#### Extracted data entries

☆ ☆ ☆ ☆ ☆ ☆ ☆

lemma exists_fixed_outside_F4:
  assumes "CHAR('a) = 2" and "g \<ge> 3"
  obtains a :: "'a::alg_closed_field" where "a ^ 2 ^ g = a" and "a ^ 4 \<noteq> a"
proof -
  have "card {a::'a. a ^ 4 = a} = 4"
    using card_power_two_power_fixed[OF assms(1), of 2] by simp
  moreover have "card {a::'a. a ^ 2 ^ g = a} = 2 ^ g"
    using card_power_two_power_fixed[OF assms(1)] assms(2) by simp
  moreover have "(4::nat) < 2 ^ g"
    using power_strict_increasing[of 2 g "2::nat"] assms(2) by simp
  ultimately have "\<not> {a::'a. a ^ 2 ^ g = a} \<subseteq> {a::'a. a ^ 4 = a}"
    by (metis card_mono card.infinite not_le zero_neq_numeral)
  then show ?thesis
    using that by blast
qed

lemma surj_square_add_self: "surj (\<lambda>x::'a::alg_closed_field. x\<^sup>2 + x)"
  unfolding surj_def
proof
  fix t :: 'a
  obtain x where "poly [:-t, 1, 1:] x = 0"
    using alg_closed_imp_poly_has_root[of "[:-t, 1, 1:]"] by auto
  then show "\<exists>x. t = x\<^sup>2 + x"
    by (auto simp: algebra_simps power2_eq_square)
qed

section \<open>The polynomial L1(x^(m-1))\<close>

text \<open>
  The factor y = x (x+1) is kept because the Frobenius computation naturally yields
  x (x+1)^m + (x+1) x^m; it is cancelled later in the domain bit poly.
\<close>

lemma quadratic_mult_L1_identity:
  fixes x :: "'a::comm_ring_1"
  assumes char: "CHAR('a) = 2" and m: "m = 2 ^ r * (2 ^ l + 1)"
  defines "y \<equiv> x\<^sup>2 + x"
  shows "y * ((x + 1) ^ (m - 1) + x ^ (m - 1))
       = y * (1 + (\<Sum>i<r. y ^ (2 ^ i - 1)) * (\<Sum>i<r + l. y ^ 2 ^ i))"
proof -
  define P where "P k = (\<Sum>i<k. y ^ 2 ^ i)" for k
  have y_mult: "y * (\<Sum>i<r. y ^ (2 ^ i - 1)) = P r"
    unfolding P_def sum_distrib_left by (intro sum.cong refl) (simp flip: power_Suc)
  have x_pow: "x ^ 2 ^ k = x + P k" for k
    unfolding P_def y_def by (rule power_two_power_eq_add_trace[OF char])
  have x1_pow: "(x + 1) ^ 2 ^ k = (x + 1) + P k" for k
  proof -
    have "(x + 1)\<^sup>2 + (x + 1) = y"
      by (simp add: y_def power2_eq_square algebra_simps two_eq_0_CHAR_2[OF char])
    then show ?thesis
      using power_two_power_eq_add_trace[OF char, of "x + 1" k] by (simp add: P_def)
  qed
  have m_sum: "m = 2 ^ r + 2 ^ (r + l)" and m_pos: "m = Suc (m - 1)"
    using m by (simp_all add: algebra_simps power_add)
  have "y * ((x + 1) ^ (m - 1) + x ^ (m - 1)) = x * (x + 1) ^ m + (x + 1) * x ^ m"
    by (subst (3 4) m_pos) (simp add: y_def power2_eq_square algebra_simps)
  also have "\<dots> = x * ((x + 1) + P r) * ((x + 1) + P (r + l)) + (x + 1) * (x + P r) * (x + P (r + l))"
    by (simp only: m_sum power_add[of _ "2 ^ r"] x_pow x1_pow mult.assoc)
  also have "\<dots> = y + P r * P (r + l)"
    by (simp add: y_def power2_eq_square algebra_simps two_eq_0_CHAR_2[OF char] flip: mult_2)
  also have "\<dots> = y * (1 + (\<Sum>i<r. y ^ (2 ^ i - 1)) * P (r + l))"
    by (simp only: distrib_left mult_1_right y_mult flip: mult.assoc)
  finally show ?thesis
    by (simp add: P_def)
qed

lemma pcompose_monom_1: "pcompose (monom 1 n) q = q ^ n"
  by (induction n) (simp_all add: monom_Suc pcompose_pCons pcompose_1)

definition L1_explicit :: "nat \<Rightarrow> nat \<Rightarrow> bit poly" where
  "L1_explicit r l = 1 + (\<Sum>i<r. monom 1 (2 ^ i - 1)) * trace_poly (r + l)"

lemma pcompose_L1_explicit:
  assumes "m = 2 ^ r * (2 ^ l + 1)"
  shows "pcompose (L1_explicit r l) [:0, 1, 1:] = [:1, 1:] ^ (m - 1) + [:0, 1:] ^ (m - 1)"
proof -
  define Y :: "bit poly" where "Y = [:0, 1:]\<^sup>2 + [:0, 1:]"
  have Y: "[:0, 1, 1:] = Y" and "Y \<noteq> 0"
    by (simp_all add: Y_def power2_eq_square)
  have "pcompose (L1_explicit r l) Y
      = 1 + (\<Sum>i<r. Y ^ (2 ^ i - 1)) * (\<Sum>i<r + l. Y ^ 2 ^ i)"
    by (simp add: L1_explicit_def trace_poly_def pcompose_add pcompose_mult pcompose_sum pcompose_1
        pcompose_monom_1)
  moreover have "Y * (1 + (\<Sum>i<r. Y ^ (2 ^ i - 1)) * (\<Sum>i<r + l. Y ^ 2 ^ i))
      = Y * ([:1, 1:] ^ (m - 1) + [:0, 1:] ^ (m - 1))"
    using quadratic_mult_L1_identity[OF _ assms, of "[:0, 1::bit:]"]
    by (simp add: Y_def one_pCons) metis
  ultimately show ?thesis
    using \<open>Y \<noteq> 0\<close> by (simp add: Y)
qed

lemma degree_sum_monom_le:
  assumes "finite A" and "\<And>i. i \<in> A \<Longrightarrow> f i \<le> n"
  shows "degree (\<Sum>i\<in>A. monom c (f i)) \<le> n"
  using assms by (intro degree_sum_le) (auto intro: order.trans[OF degree_monom_le])

lemma degree_L1_explicit:
  assumes "r \<ge> 1" and "m = 2 ^ r * (2 ^ l + 1)"
  shows "degree (L1_explicit r l) \<le> (m - 2) div 2"
proof -
  have "degree (\<Sum>i<r. monom (1::bit) (2 ^ i - 1)) \<le> 2 ^ (r - 1) - 1"
    by (rule degree_sum_monom_le) (auto intro!: diff_le_mono power_increasing)
  moreover have "degree (trace_poly (r + l)) \<le> 2 ^ (r + l - 1)"
    unfolding trace_poly_def by (rule degree_sum_monom_le) (auto intro!: power_increasing)
  moreover have "(m - 2) div 2 = 2 ^ (r - 1) - 1 + 2 ^ (r + l - 1)"
    using assms by (cases r) (simp_all add: algebra_simps power_add)
  ultimately have "degree ((\<Sum>i<r. monom (1::bit) (2 ^ i - 1)) * trace_poly (r + l)) \<le> (m - 2) div 2"
    using degree_mult_le[of "\<Sum>i<r. monom (1::bit) (2 ^ i - 1)" "trace_poly (r + l)"] by linarith
  then show ?thesis
    unfolding L1_explicit_def by (intro degree_add_le) simp_all
qed

lemma L1_eq_L1_explicit:
  assumes "r \<ge> 1" and "m = 2 ^ r * (2 ^ l + 1)"
  shows "L1 m = L1_explicit r l"
  unfolding L1_def
proof (rule the_equality)
  show "degree (L1_explicit r l) \<le> (m - 2) div 2 \<and>
      pcompose (L1_explicit r l) [:0, 1, 1:] = [:1, 1:] ^ (m - 1) + [:0, 1:] ^ (m - 1)"
    using degree_L1_explicit[OF assms] pcompose_L1_explicit[OF assms(2)] ..
next
  fix Q :: "bit poly"
  assume "degree Q \<le> (m - 2) div 2 \<and> pcompose Q [:0, 1, 1:] = [:1, 1:] ^ (m - 1) + [:0, 1:] ^ (m - 1)"
  then have "pcompose (Q - L1_explicit r l) [:0, 1, 1:] = 0"
    using pcompose_L1_explicit[OF assms(2)] by (simp add: pcompose_diff)
  then show "Q = L1_explicit r l"
    by (simp add: pcompose_eq_0_iff)
qed

lemma pcompose_L1:
  assumes "r \<ge> 1" and "m = 2 ^ r * (2 ^ l + 1)"
  shows "pcompose (L1 m) [:0, 1, 1:] = [:1, 1:] ^ (m - 1) + [:0, 1:] ^ (m - 1)"
  unfolding L1_eq_L1_explicit[OF assms] by (rule pcompose_L1_explicit[OF assms(2)])

lemma pcompose_pderiv_L1:
  assumes "r \<ge> 1" and m: "m = 2 ^ r * (2 ^ l + 1)"
  shows "pcompose (pderiv (L1 m)) [:0, 1, 1:] = [:1, 1:] ^ (m - 2) + [:0, 1:] ^ (m - 2)"
proof -
  obtain n where "m = 2 * n" and "n \<ge> 1"
  proof
    show "m = 2 * (2 ^ (r - 1) * (2 ^ l + 1))"
      using assms by (cases r) simp_all
  qed (simp add: Suc_le_eq)
  then have "m - 1 = Suc (2 * (n - 1))" and m2: "m - 2 = m - 1 - 1"
    by simp_all
  then have "(of_nat (m - 1) :: bit) = 1"
    by simp
  then have "pderiv ([:1, 1:] ^ (m - 1) + [:0, 1:] ^ (m - 1)) = [:1, 1:] ^ (m - 2) + [:0, 1::bit:] ^ (m - 2)"
    unfolding m2 by (simp add: pderiv_add pderiv_power pderiv_pCons)
  moreover have "pderiv (pcompose (L1 m) [:0, 1, 1:]) = pcompose (pderiv (L1 m)) [:0, 1, 1:]"
    by (simp add: pderiv_pcompose pderiv_pCons one_pCons)
  ultimately show ?thesis
    by (simp only: pcompose_L1[OF assms])
qed

lemma map_poly_to_ac_add: "map_poly to_ac (p + q) = map_poly to_ac p + map_poly to_ac q"
  by (intro poly_eqI) (simp add: coeff_map_poly)

lemma map_poly_to_ac_mult: "map_poly to_ac (p * q) = map_poly to_ac p * map_poly to_ac q"
  by (intro poly_eqI) (simp add: coeff_map_poly coeff_mult to_ac_sum)

lemma map_poly_to_ac_power: "map_poly to_ac (p ^ n) = map_poly to_ac p ^ n"
  by (induction n) (simp_all add: map_poly_to_ac_mult)

lemma map_poly_to_ac_pcompose:
  "map_poly to_ac (pcompose p q) = pcompose (map_poly to_ac p) (map_poly to_ac q)"
  by (induction p) (simp_all add: pcompose_pCons map_poly_pCons map_poly_to_ac_add map_poly_to_ac_mult)

lemma poly_trace_poly: "poly (map_poly to_ac (trace_poly l)) t = (\<Sum>i<l. t ^ 2 ^ i)"
  by (induction l) (simp_all add: trace_poly_def map_poly_to_ac_add map_poly_monom poly_monom)

lemma poly_trace_poly_add_quadratics:
  "poly (map_poly to_ac (trace_poly l)) ((x\<^sup>2 + x) + (y\<^sup>2 + y)) = (x + y) ^ 2 ^ l + (x + y)"
  for x y :: "bit alg_closure"
proof -
  have "(x\<^sup>2 + x) + (y\<^sup>2 + y) = (x + y)\<^sup>2 + (x + y)"
    by (simp add: algebra_simps power2_eq_square two_eq_0_CHAR_2 flip: mult_2)
  then show ?thesis
    unfolding poly_trace_poly by (simp only: trace_square_add_self CHAR_alg_closure CHAR_bit)
qed

lemma poly_pderiv_L1_quadratic:
  assumes "r \<ge> 1" and "m = 2 ^ r * (2 ^ l + 1)"
  shows "poly (map_poly to_ac (pderiv (L1 m))) (x\<^sup>2 + x) = (x + 1) ^ (m - 2) + x ^ (m - 2)"
  using arg_cong[OF pcompose_pderiv_L1[OF assms], of "\<lambda>p. poly (map_poly to_ac p) x"]
  by (simp add: map_poly_to_ac_pcompose poly_pcompose map_poly_to_ac_add map_poly_to_ac_power
      map_poly_pCons power2_eq_square algebra_simps)

section \<open>Roots of the derivative\<close>

text \<open>
  With z = x^(2^s) and u = x^(2^(s+l)) = z^(2^l), the equation is x (z+1) (u+1) = (x+1) z u,
  i.e. x (x+1)^N = (x+1) x^N for N = 2^s + 2^(s+l), which is (x+1)^(2N-2) = x^(2N-2) after
  cancelling x (x+1) and taking square roots.
\<close>

definition lifted_root :: "nat \<Rightarrow> nat \<Rightarrow> 'a::field \<Rightarrow> bool" where
  "lifted_root s l x \<longleftrightarrow> x \<noteq> 0 \<and> x \<noteq> 1 \<and>
     x * x ^ 2 ^ s + x * x ^ 2 ^ (s + l) + x + x ^ 2 ^ s * x ^ 2 ^ (s + l) = 0"

lemma lifted_root_iff:
  fixes x :: "'a::field"
  assumes char: "CHAR('a) = 2" and N: "N = 2 ^ s + 2 ^ (s + l)"
  shows "(x + 1) ^ (2 * N - 2) + x ^ (2 * N - 2) = 0 \<longleftrightarrow> lifted_root s l x"
proof -
  have two: "(2::'a) = 0"
    using char by (rule two_eq_0_CHAR_2)
  have "N \<ge> 2"
    using N by (metis add_mono one_le_numeral one_le_power one_add_one)
  then have N_pos: "N = Suc (N - 1)" and exp: "2 * N - 2 = 2 * (N - 1)" and "2 * N - 2 \<noteq> 0"
    by simp_all
  show ?thesis
  proof (cases "x = 0 \<or> x = 1")
    case True
    then show ?thesis
      using \<open>2 * N - 2 \<noteq> 0\<close> two by (auto simp: lifted_root_def power_0_left)
  next
    case False
    then have "x * (x + 1) \<noteq> 0"
      using add_eq_0_iff_CHAR_2[OF char, of x 1] by auto
    have frob: "(a + b) ^ 2 ^ k = a ^ 2 ^ k + b ^ 2 ^ k" for a b :: 'a and k
      using char by (rule power_two_power_add_CHAR_2)
    have "(x + 1) ^ (2 * N - 2) + x ^ (2 * N - 2) = ((x + 1) ^ (N - 1) + x ^ (N - 1))\<^sup>2"
      using frob[of _ _ 1] by (simp add: exp power_even_eq)
    then have "(x + 1) ^ (2 * N - 2) + x ^ (2 * N - 2) = 0 \<longleftrightarrow>
        x * (x + 1) * ((x + 1) ^ (N - 1) + x ^ (N - 1)) = 0"
      using \<open>x * (x + 1) \<noteq> 0\<close> by simp
    also have "x * (x + 1) * ((x + 1) ^ (N - 1) + x ^ (N - 1)) = x * (x + 1) ^ N + (x + 1) * x ^ N"
      by (subst (3 4) N_pos) (simp add: algebra_simps)
    also have "\<dots> = x * (x ^ 2 ^ s + 1) * (x ^ 2 ^ (s + l) + 1) + (x + 1) * (x ^ 2 ^ s * x ^ 2 ^ (s + l))"
      by (simp only: N power_add[of _ "2 ^ s"] frob power_one mult.assoc)
    also have "\<dots> = x * x ^ 2 ^ s + x * x ^ 2 ^ (s + l) + x + x ^ 2 ^ s * x ^ 2 ^ (s + l)"
      by (simp add: algebra_simps two flip: mult_2)
    finally show ?thesis
      using False by (simp add: lifted_root_def)
  qed
qed

lemma poly_pderiv_L1_eq_0_iff:
  assumes "m = 2 ^ Suc s * (2 ^ l + 1)"
  shows "poly (map_poly to_ac (pderiv (L1 m))) (x\<^sup>2 + x) = 0 \<longleftrightarrow> lifted_root s l (x :: bit alg_closure)"
proof -
  have "m - 2 = 2 * (2 ^ s + 2 ^ (s + l)) - 2"
    using assms by (simp add: algebra_simps power_add)
  then show ?thesis
    using poly_pderiv_L1_quadratic[OF _ assms] lifted_root_iff[of "2 ^ s + 2 ^ (s + l)" s l x]
    by simp
qed

lemma lifted_root_of_fixed:
  fixes a :: "'a::field"
  assumes char: "CHAR('a) = 2" and "a ^ 2 ^ Suc s = a" and "a ^ 2 ^ l = a"
    and "a \<noteq> 0" and "a \<noteq> 1"
  shows "lifted_root s l a"
proof -
  have "a ^ 2 ^ (s + l) = a ^ 2 ^ s"
    using assms by (metis add.commute power_add power_mult)
  moreover have "a ^ 2 ^ s * a ^ 2 ^ s = a"
    using assms by (simp flip: power_add mult_2)
  ultimately show ?thesis
    using assms by (simp add: lifted_root_def add_self_CHAR_2)
qed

☆ ☆ ☆ ☆ ☆ ☆ ☆

#### REQUIREMENT
Which lines in the data above contain "subst"? Show each one.

#### RESPONSE TO THIS EXERCISE
    by (subst (3 4) m_pos) (simp add: y_def power2_eq_square algebra_simps)
      by (subst (3 4) N_pos) (simp add: algebra_simps)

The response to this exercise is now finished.